The successor of Avitus presents the welcome discovery of a great and
heroic character, such as sometimes arise, in a degenerate age, to
vindicate the honor of the human species. The emperor Majorian has
deserved the praises of his contemporaries, and of posterity; and these
praises may be strongly expressed in the words of a judicious and
disinterested historian: "That he was gentle to his subjects; that he
was terrible to his enemies; and that he excelled, in every virtue, all
his predecessors who had reigned over the Romans." Such a testimony may
justify at least the panegyric of Sidonius; and we may acquiesce in the
assurance, that, although the obsequious orator would have flattered,
with equal zeal, the most worthless of princes, the extraordinary merit
of his object confined him, on this occasion, within the bounds of
truth. Majorian derived his name from his maternal grandfather, who, in
the reign of the great Theodosius, had commanded the troops of the
Illyrian frontier. He gave his daughter in marriage to the father of
Majorian, a respectable officer, who administered the revenues of Gaul
with skill and integrity; and generously preferred the friendship of
Ætius to the tempting offer of an insidious court.
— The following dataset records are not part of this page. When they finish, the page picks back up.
definition weak_compositions :: "nat \<Rightarrow> nat \<Rightarrow> nat list set" where
  "weak_compositions r m = {n. length n = r \<and> sum_list n = m}"

lemma finite_weak_compositions: "finite (weak_compositions r m)"
proof -
  have "weak_compositions r m \<subseteq> {n. set n \<subseteq> {0..m} \<and> length n = r}"
    by (auto simp: weak_compositions_def member_le_sum_list)
  then show ?thesis using finite_lists_length_eq[of "{0..m}" r] finite_subset by blast
qed

lemma sum_weak_compositions_Suc:
  "(\<Sum>n\<in>weak_compositions (Suc r) m. f n) = (\<Sum>p=0..m. \<Sum>n\<in>weak_compositions r (m - p). f (p # n))"
proof -
  have "weak_compositions (Suc r) m = (\<Union>p\<in>{0..m}. (#) p ` weak_compositions r (m - p))"
  proof (intro equalityI subsetI)
    fix n assume "n \<in> weak_compositions (Suc r) m"
    then obtain p n' where "n = p # n'" "length n' = r" "p + sum_list n' = m"
      by (auto simp: weak_compositions_def length_Suc_conv)
    then show "n \<in> (\<Union>p\<in>{0..m}. (#) p ` weak_compositions r (m - p))"
      by (intro UN_I[of p]) (auto simp: weak_compositions_def)
  qed (auto simp: weak_compositions_def)
  then have "(\<Sum>n\<in>weak_compositions (Suc r) m. f n) =
      (\<Sum>p=0..m. \<Sum>n\<in>(#) p ` weak_compositions r (m - p). f n)"
    by (auto intro!: sum.UNION_disjoint simp: finite_weak_compositions)
  then show ?thesis by (simp add: sum.reindex)
qed

lemma bcoef_Cons: "bcoef (a # w) (p # n) = ((a + p - 1) choose p) * bcoef w n"
  by (simp add: bcoef_def prod.lessThan_Suc_shift del: prod.lessThan_Suc)

lemma vadd_Cons: "vadd (a # w) (p # n) = (a + p) # vadd w n"
  by (simp add: vadd_def)

lemma fps_nth_zeta_trunc_shift_weight:
  "fps_nth (zeta_trunc shift_weight N lo w) m =
    (\<Sum>n\<in>weak_compositions (length w) m. (-1) ^ m * real (bcoef w n) * zeta_trunc power_weight N lo (vadd w n))"
proof (induction w arbitrary: lo m)
  case Nil
  have "weak_compositions 0 m = (if m = 0 then {[]} else {})"
    by (auto simp: weak_compositions_def)
  then show ?case by (simp add: bcoef_def vadd_def)
next
  case (Cons a w)
  let ?Z = "\<lambda>lo n. zeta_trunc power_weight N lo (vadd w n)"
  have "fps_nth (zeta_trunc shift_weight N lo (a # w)) m =
      (\<Sum>\<nu>\<in>{lo..N}. \<Sum>p=0..m. \<Sum>n\<in>weak_compositions (length w) (m - p).
        (-1) ^ m * real (bcoef (a # w) (p # n)) * (power_weight (a + p) \<nu> * ?Z (Suc \<nu>) n))"
    unfolding zeta_trunc.simps fps_sum_nth fps_mult_nth Cons.IH sum_distrib_left
    by (intro sum.cong refl)
      (simp add: fps_nth_shift_weight bcoef_Cons power_add[symmetric] mult_ac)
  also have "\<dots> = (\<Sum>p=0..m. \<Sum>n\<in>weak_compositions (length w) (m - p).
      (-1) ^ m * real (bcoef (a # w) (p # n)) * zeta_trunc power_weight N lo (vadd (a # w) (p # n)))"
    by (subst sum.swap, rule sum.cong[OF refl], subst sum.swap)
      (simp add: vadd_Cons sum_distrib_left)
  finally show ?case by (simp only: length_Cons sum_weak_compositions_Suc)
qed

section \<open>Passing to the regularised series\<close>

definition fps_harm_approx :: "real poly fps \<Rightarrow> (nat \<Rightarrow> real fps) \<Rightarrow> bool" where
  "fps_harm_approx F G \<longleftrightarrow> (\<forall>m. harm_approx (fps_nth F m) (\<lambda>N. fps_nth (G N) m))"
(* Let $k$ be a positive integer, $n$ a non-negative integer, $i\in\{3,5,7\}$, and let $p$ be a prime with $p\equiv i\pmod 8$. Let $\delta$ be a non-negative integer with $p\mid 8\delta+i$. Put $$N_1=3p\,(8p^kn+8\delta+i),\qquad N_2=24\Big(p^{k-1}n+\frac{8\delta+i-p}{8p}\Big)+3.$$ Then $\mathcal{J}_6(N_1)\equiv\mathcal{J}_6(N_2)\pmod 2$.
   Context: Let $q=e^{2\pi i\tau}$, $(a;q)_\infty=\prod_{j\ge0}(1-aq^j)$, and $\eta(\tau)=q^{1/24}(q;q)_\infty$. Define $$j_6(\tau)=\left(\frac{\eta(2\tau)\eta(3\tau)^3}{\eta(\tau)\eta(6\tau)^3}\right)^3-3=\frac1q+\sum_{n\ge0}\mathcal{J}_6(n)q^n.$$ *)

theory Defs
  imports "HOL-Computational_Algebra.Formal_Power_Series" "HOL-Number_Theory.Cong"
begin

text \<open>Formal power series (integer coefficients) for 1/(1 - q^j), j \<ge> 1:
  the geometric series sum over k of q^(j k).\<close>
definition geom_inv :: "nat \<Rightarrow> int fps" where
  "geom_inv j = Abs_fps (\<lambda>m. if j dvd m then 1 else 0)"

text \<open>Truncation of the eta-quotient product
  P(q) = prod_{j>=1} ((1-q^{2j}) (1-q^{3j})^3 / ((1-q^j) (1-q^{6j})^3))^3,
  keeping the factors j = 1..M.  The coefficient of q^m of the infinite
  product equals that of this truncation for every M \<ge> m.\<close>
definition eta_quot_trunc :: "nat \<Rightarrow> int fps" where
  "eta_quot_trunc M =
     (\<Prod>j\<in>{1..M}. ((1 - fps_X ^ (2*j)) * (1 - fps_X ^ (3*j)) ^ 3
                     * geom_inv j * geom_inv (6*j) ^ 3) ^ 3)"

text \<open>j_6(tau) = q^{-1} P(q) - 3 = 1/q + sum_{n\<ge>0} J_6(n) q^n.\<close>
definition J6 :: "nat \<Rightarrow> int" where
  "J6 n = fps_nth (eta_quot_trunc (n + 1)) (n + 1) - (if n = 0 then 3 else 0)"

end

theory Submission
  imports Defs "HOL-Library.Z2" "HOL-Library.Disjoint_Sets"
begin

text \<open>Modulo 2 one has \<open>(q;q)\<^sub>\<infinity> \<equiv> E(q) = \<Prod>\<^sub>j (1 + q\<^sup>j)\<close> and \<open>f(q\<^sup>2) \<equiv> f(q)\<^sup>2\<close>, so the product
  defining \<open>j\<^sub>6 + 3\<close> reduces to \<open>q\<^sup>-\<^sup>1 E(q)\<^sup>3 / E(q\<^sup>3)\<^sup>9\<close>. Jacobi's identity gives
  \<open>E(q)\<^sup>3 \<equiv> \<psi>(q) = \<Sum>\<^sub>j q\<^bsup>j(j+1)/2\<^esup>\<close>; it is derived here from a finite form of Gauss's identity,
  itself a case of Cauchy's \<open>q\<close>-binomial theorem. An involution on the representations
  \<open>8n + 4 = x\<^sup>2 + 3y\<^sup>2\<close> in odd positive integers gives \<open>\<psi>(q) \<psi>(q\<^sup>3) \<equiv> \<psi>(q\<^sup>4) + q \<psi>(q\<^bsup>12\<^esup>)\<close>.
  Dissecting \<open>\<psi>(q) / \<psi>(q\<^sup>3)\<^sup>3\<close> with these identities shows that for \<open>M \<equiv> 1 (mod 8)\<close> the value
  \<open>\<J>\<^sub>6(3M)\<close> is odd exactly when \<open>M\<close> is a perfect square. The two indices of the theorem are
  \<open>3p\<^sup>2M\<close> and \<open>3M\<close> with \<open>M \<equiv> 1 (mod 8)\<close>, and \<open>p\<^sup>2M\<close> is a square iff \<open>M\<close> is.\<close>

unbundle fps_syntax

section \<open>Agreement of power series below a given order\<close>

lemma fps_cutoff_eqI: "(\<And>i. i < m \<Longrightarrow> f $ i = g $ i) \<Longrightarrow> fps_cutoff m f = fps_cutoff m g"
  by (simp add: fps_cutoff_eq_fps_cutoff_iff)

lemma fps_cutoff_eqD: "fps_cutoff m f = fps_cutoff m g \<Longrightarrow> i < m \<Longrightarrow> f $ i = g $ i"
  by (simp add: fps_cutoff_eq_fps_cutoff_iff)

lemma fps_cutoff_eq_mono:
  "fps_cutoff m f = fps_cutoff m g \<Longrightarrow> m' \<le> m \<Longrightarrow> fps_cutoff m' f = fps_cutoff m' g"
  by (simp add: fps_cutoff_eq_fps_cutoff_iff)

lemma fps_eq_if_cutoffs_eq: "(\<And>m. fps_cutoff m f = fps_cutoff m g) \<Longrightarrow> f = g"
  by (metis fps_cutoff_eqD fps_ext lessI)

lemma fps_cutoff_add_cong:
  fixes f f' g g' :: "'a::monoid_add fps"
  shows "fps_cutoff m f = fps_cutoff m f' \<Longrightarrow> fps_cutoff m g = fps_cutoff m g'
   \<Longrightarrow> fps_cutoff m (f + g) = fps_cutoff m (f' + g')"
  by (simp add: fps_cutoff_add)

lemma fps_cutoff_mult_cong:
  fixes f f' g g' :: "'a::semiring_1 fps"
  shows "fps_cutoff m f = fps_cutoff m f' \<Longrightarrow> fps_cutoff m g = fps_cutoff m g'
   \<Longrightarrow> fps_cutoff m (f * g) = fps_cutoff m (f' * g')"
  unfolding fps_cutoff_eq_fps_cutoff_iff fps_mult_nth by (auto intro!: sum.cong)

lemma fps_cutoff_power_cong:
  fixes f g :: "'a::semiring_1 fps"
  shows "fps_cutoff m f = fps_cutoff m g \<Longrightarrow> fps_cutoff m (f ^ k) = fps_cutoff m (g ^ k)"
  by (induction k) (auto intro: fps_cutoff_mult_cong)

lemma fps_cutoff_prod_cong:
  fixes f g :: "'b \<Rightarrow> 'a::comm_semiring_1 fps"
  shows "(\<And>i. i \<in> A \<Longrightarrow> fps_cutoff m (f i) = fps_cutoff m (g i))
   \<Longrightarrow> fps_cutoff m (prod f A) = fps_cutoff m (prod g A)"
  by (induction A rule: infinite_finite_induct) (auto intro: fps_cutoff_mult_cong)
His son, the future
emperor, who was educated in the profession of arms, displayed, from his
early youth, intrepid courage, premature wisdom, and unbounded
liberality in a scanty fortune. He followed the standard of Ætius,
contributed to his success, shared, and sometimes eclipsed, his glory,
and at last excited the jealousy of the patrician, or rather of his
wife, who forced him to retire from the service. Majorian, after the
death of Ætius, was recalled and promoted; and his intimate connection
with Count Ricimer was the immediate step by which he ascended the
throne of the Western empire. During the vacancy that succeeded the
abdication of Avitus, the ambitious Barbarian, whose birth excluded him
from the Imperial dignity, governed Italy with the title of Patrician;
resigned to his friend the conspicuous station of master-general of the
cavalry and infantry; and, after an interval of some months, consented
to the unanimous wish of the Romans, whose favor Majorian had solicited
by a recent victory over the Alemanni. He was invested with the purple
at Ravenna: and the epistle which he addressed to the senate, will best
describe his situation and his sentiments. "Your election, Conscript
Fathers! and the ordinance of the most valiant army, have made me your
emperor. May the propitious Deity direct and prosper the counsels and
events of my administration, to your advantage and to the public
welfare! For my own part, I did not aspire, I have submitted to reign;
nor should I have discharged the obligations of a citizen if I had
refused, with base and selfish ingratitude, to support the weight of
those labors, which were imposed by the republic. Assist, therefore, the
prince whom you have made; partake the duties which you have enjoined;
and may our common endeavors promote the happiness of an empire, which I
have accepted from your hands. Be assured, that, in our times, justice
shall resume her ancient vigor, and that virtue shall become, not only
innocent, but meritorious. Let none, except the authors themselves, be
apprehensive of delations, which, as a subject, I have always condemned,
and, as a prince, will severely punish. Our own vigilance, and that of
our father, the patrician Ricimer, shall regulate all military affairs,
and provide for the safety of the Roman world, which we have saved from
foreign and domestic enemies. You now understand the maxims of my
government; you may confide in the faithful love and sincere assurances
of a prince who has formerly been the companion of your life and
dangers; who still glories in the name of senator, and who is anxious
that you should never repent the judgment which you have pronounced in
his favor." The emperor, who, amidst the ruins of the Roman world,
revived the ancient language of law and liberty, which Trajan would not
have disclaimed, must have derived those generous sentiments from his
own heart; since they were not suggested to his imitation by the customs
of his age, or the example of his predecessors.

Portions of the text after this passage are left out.